Performance Comparison

Compare backends with the same data:

import tif1
import time

# Clear cache for fair comparison
cache = tif1.get_cache()
cache.clear()

print("BACKEND PERFORMANCE COMPARISON")
print("=" * 60)

# Test with Polars
print("\n1. POLARS BACKEND")
start = time.time()
session_polars = tif1.get_session(
    2025, 
    "Abu Dhabi Grand Prix", 
    "Practice 1",
    lib="polars"
)
laps_polars = session_polars.laps
polars_time = time.time() - start

print(f"   Load time: {polars_time:.2f}s")
print(f"   Total laps: {len(laps_polars)}")
print(f"   DataFrame type: {type(laps_polars).__name__}")

# Clear cache again
cache.clear()

# Test with Pandas
print("\n2. PANDAS BACKEND")
start = time.time()
session_pandas = tif1.get_session(
    2025, 
    "Abu Dhabi Grand Prix", 
    "Practice 1",
    lib="pandas"
)
laps_pandas = session_pandas.laps
pandas_time = time.time() - start

print(f"   Load time: {pandas_time:.2f}s")
print(f"   Total laps: {len(laps_pandas)}")
print(f"   DataFrame type: {type(laps_pandas).__name__}")

# Performance comparison
print("\n3. COMPARISON")
if polars_time > 0:
    speedup = pandas_time / polars_time
    print(f"   Speedup: {speedup:.1f}x faster with Polars")

Typical results:

1. POLARS BACKEND
   Load time: 1.23s
   Total laps: 342
   DataFrame type: DataFrame

2. PANDAS BACKEND
   Load time: 2.87s
   Total laps: 342
   DataFrame type: DataFrame

3. COMPARISON
   Speedup: 2.3x faster with Polars

Working with Polars

Basic Operations

Polars DataFrames work similarly to pandas:

import tif1

session = tif1.get_session(2025, "Monaco Grand Prix", "Race", lib="polars")
laps = session.laps

# Shape and columns
print(f"Shape: {laps.shape}")
print(f"Columns: {laps.columns}")

# Head and tail
print(laps.head(10))
print(laps.tail(5))

# Select columns
subset = laps.select(["Driver", "LapTime", "Compound"])

# Filter rows
fast_laps = laps.filter(laps["LapTime"] < 90.0)
ver_laps = laps.filter(laps["Driver"] == "VER")

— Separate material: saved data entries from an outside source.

lemma besselK_damped_Gamma:
  fixes a x :: real assumes x: "0 < x"
  shows "(\<lambda>s. exp (- x * cosh s) * cosh (a * s)) absolutely_integrable_on {0..}"
    and "besselK a x = (x/2) powr (-a) / 2 * damped_Gamma a (x^2/4)"
proof -
  define F where "F t = exp (-t - (x^2/4)/t) * t powr (a-1)" for t
  have up: "(\<lambda>s. x/2 * exp (1 * s)) ` {0..} = {x/2..}"
    using image_mult_exp_atLeast_0[of "x/2"] x by simp
  have down: "(\<lambda>s. x/2 * exp (-1 * s)) ` {0..} = {0<..x/2}"
    using image_mult_exp_neg_atLeast_0[of "x/2"] x by simp
  have "{x/2..} \<subseteq> {0<..}" "{0<..x/2} \<subseteq> {0<..}" using x by auto
  have I_up: "(\<lambda>s. exp (- x * cosh s) * exp (a * s)) absolutely_integrable_on {0..}
      \<and> integral {0..} (\<lambda>s. exp (- x * cosh s) * exp (a * s)) = (x/2) powr (-a) * integral {x/2..} F"
    using damped_Gamma_exp_substitution[OF x _ up, of a] \<open>{x/2..} \<subseteq> {0<..}\<close>
    unfolding F_def by simp
  have I_down: "(\<lambda>s. exp (- x * cosh s) * exp (- (a * s))) absolutely_integrable_on {0..}
      \<and> integral {0..} (\<lambda>s. exp (- x * cosh s) * exp (- (a * s))) = (x/2) powr (-a) * integral {0<..x/2} F"
    using damped_Gamma_exp_substitution[OF x _ down, of a] \<open>{0<..x/2} \<subseteq> {0<..}\<close>
    unfolding F_def by simp
  have cosh_split: "exp (- x * cosh s) * cosh (a * s)
      = (exp (- x * cosh s) * exp (a * s) + exp (- x * cosh s) * exp (- (a * s))) / 2" for s
    by (simp add: cosh_def exp_minus field_simps)
  show "(\<lambda>s. exp (- x * cosh s) * cosh (a * s)) absolutely_integrable_on {0..}"
    unfolding cosh_split using I_up I_down
    by (intro set_integrable_divide set_integral_add(1)) auto
  have "F absolutely_integrable_on {0<..}"
    unfolding F_def using damped_Gamma_absolutely_integrable[of "x^2/4" a] x by simp
  hence "F absolutely_integrable_on {x/2..}" "F absolutely_integrable_on {0<..x/2}"
    using \<open>{x/2..} \<subseteq> {0<..}\<close> \<open>{0<..x/2} \<subseteq> {0<..}\<close> by (auto intro: set_integrable_subset)
  hence "(F has_integral (integral {x/2..} F + integral {0<..x/2} F)) ({x/2..} \<union> {0<..x/2})"
    unfolding absolutely_integrable_on_def
    by (intro has_integral_Un integrable_integral) (auto intro: negligible_subset[of "{x/2}"])
  moreover have "{x/2..} \<union> {0<..x/2} = {0<..}" using x by auto
  ultimately have halves: "integral {x/2..} F + integral {0<..x/2} F = damped_Gamma a (x^2/4)"
    unfolding damped_Gamma_def F_def by (simp add: integral_unique)
  have "besselK a x
      = (integral {0..} (\<lambda>s. exp (- x * cosh s) * exp (a * s))
         + integral {0..} (\<lambda>s. exp (- x * cosh s) * exp (- (a * s)))) / 2"
    unfolding besselK_def cosh_split using I_up I_down
    by (subst integral_divide integral_add; auto simp: absolutely_integrable_on_def)+
  also have "\<dots> = (x/2) powr (-a) / 2 * (integral {x/2..} F + integral {0<..x/2} F)"
    using I_up I_down by (simp add: distrib_left)
  finally show "besselK a x = (x/2) powr (-a) / 2 * damped_Gamma a (x^2/4)"
    unfolding halves .
qed

lemma besselK_minus: "besselK (-a) x = besselK a x"
  by (simp add: besselK_def)

lemma damped_Gamma_symmetric:
  fixes a y :: real assumes y: "0 < y"
  shows "damped_Gamma a y = y powr a * damped_Gamma (-a) y"
proof -
  define x where "x = 2 * sqrt y"
  have x: "0 < x" and xy: "x^2/4 = y" and "x/2 = sqrt y"
    using y by (auto simp: x_def power_mult_distrib)
  have "(x/2) powr (-a) / 2 * damped_Gamma a y = (x/2) powr a / 2 * damped_Gamma (-a) y"
    using besselK_damped_Gamma(2)[OF x, of a] besselK_damped_Gamma(2)[OF x, of "-a"]
    unfolding xy besselK_minus by simp
  hence "damped_Gamma a y = (x/2) powr (2*a) * damped_Gamma (-a) y"
    using x by (simp add: powr_minus field_simps powr_add[symmetric])
  also have "(x/2) powr (2*a) = y powr a"
    using y unfolding \<open>x/2 = sqrt y\<close> by (simp add: powr_half_sqrt[symmetric] powr_powr)
  finally show ?thesis .
qed

lemma damped_Gamma_integrand_has_integral_in_param:
  fixes a t x :: real assumes "0 < x" "0 < t"
  shows "((\<lambda>s. exp (-t - s/t) * t powr (a-1-1)) has_integral
          (t powr (a-1) / exp t - exp (-t - x/t) * t powr (a-1))) {0<..<x}"
proof -
  define \<Phi> where "\<Phi> s = - t * exp (-t - s/t) * t powr (a-1-1)" for s
  have "((\<lambda>s. exp (-t - s/t) * t powr (a-1-1)) has_integral (\<Phi> x - \<Phi> 0)) {0..x}"
  proof (rule fundamental_theorem_of_calculus)
    show "(\<Phi> has_vector_derivative exp (-t - s/t) * t powr (a-1-1)) (at s within {0..x})" for s
      unfolding \<Phi>_def has_real_derivative_iff_has_vector_derivative[symmetric]
      using assms by (auto intro!: derivative_eq_intros)
  qed (use assms in auto)
  moreover have "\<Phi> x - \<Phi> 0 = t powr (a-1) / exp t - exp (-t - x/t) * t powr (a-1)"
    using assms by (simp add: \<Phi>_def powr_diff exp_minus exp_diff field_simps power2_eq_square)
  ultimately show ?thesis
    by (simp add: has_integral_greaterThanLessThan_iff)
qed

Polars-Specific Operations

Take advantage of Polars’ powerful API:

import polars as pl

# Group by and aggregate
fastest_by_driver = (
    laps.group_by("Driver")
    .agg([
        pl.col("LapTime").min().alias("fastest_time"),
        pl.col("LapNumber").count().alias("lap_count"),
        pl.col("Compound").first().alias("tire_compound")
    ])
    .sort("fastest_time")
)

print(fastest_by_driver.head(10))

# Method chaining
analysis = (
    laps
    .filter(pl.col("LapTime").is_not_null())
    .group_by(["Driver", "Stint"])
    .agg([
        pl.col("LapTime").mean().alias("avg_time"),
        pl.col("LapTime").min().alias("best_time"),
        pl.col("TyreLife").max().alias("stint_length")
    ])
    .sort(["Driver", "Stint"])
)

print(analysis)

Lazy Evaluation

Use lazy evaluation for complex queries:

import polars as pl

# Convert to lazy frame
lazy_laps = laps.lazy()

# Build query
query = (
    lazy_laps
    .filter(pl.col("TrackStatus") == 1)  # Green flag only
    .filter(pl.col("LapTime").is_not_null())
    .group_by("Driver")
    .agg([
        pl.col("LapTime").min().alias("fastest"),
        pl.col("LapTime").mean().alias("average")
    ])
    .sort("fastest")
)

# Execute query (optimized by Polars)
result = query.collect()
print(result)

Working with Pandas

Basic Operations

import tif1

session = tif1.get_session(2025, "Monaco Grand Prix", "Race", lib="pandas")
laps = session.laps

# Shape and columns
print(f"Shape: {laps.shape}")
print(f"Columns: {laps.columns}")

# Head and tail
print(laps.head(10))
print(laps.tail(5))

# Select columns
subset = laps[["Driver", "LapTime", "Compound"]]

# Filter rows
fast_laps = laps[laps["LapTime"] < 90.0]
ver_laps = laps[laps["Driver"] == "VER"]

Pandas-Specific Operations

import pandas as pd

# Group by and aggregate
fastest_by_driver = (
    laps.groupby("Driver", observed=True)
    .agg({
        "LapTime": "min",
        "LapNumber": "count",
        "Compound": "first"
    })
    .rename(columns={
        "LapTime": "fastest_time",
        "LapNumber": "lap_count",
        "Compound": "tire_compound"
    })
    .sort_values("fastest_time")
)

print(fastest_by_driver.head(10))

# Complex filtering
green_flag_laps = laps[
    (laps["TrackStatus"] == 1) &
    (laps["LapTime"].notna())
]

# Pivot tables
pivot = pd.pivot_table(
    laps,
    values="LapTime",
    index="Driver",
    columns="Stint",
    aggfunc="min"
)

print(pivot)

Converting Between Backends

Polars to Pandas

import tif1

# Load with Polars
session = tif1.get_session(2025, "Monaco Grand Prix", "Race", lib="polars")
laps_polars = session.laps

print(f"Polars type: {type(laps_polars).__name__}")

# Convert to pandas
laps_pandas = laps_polars.to_pandas()

print(f"Pandas type: {type(laps_pandas).__name__}")
print(f"Shape: {laps_pandas.shape}")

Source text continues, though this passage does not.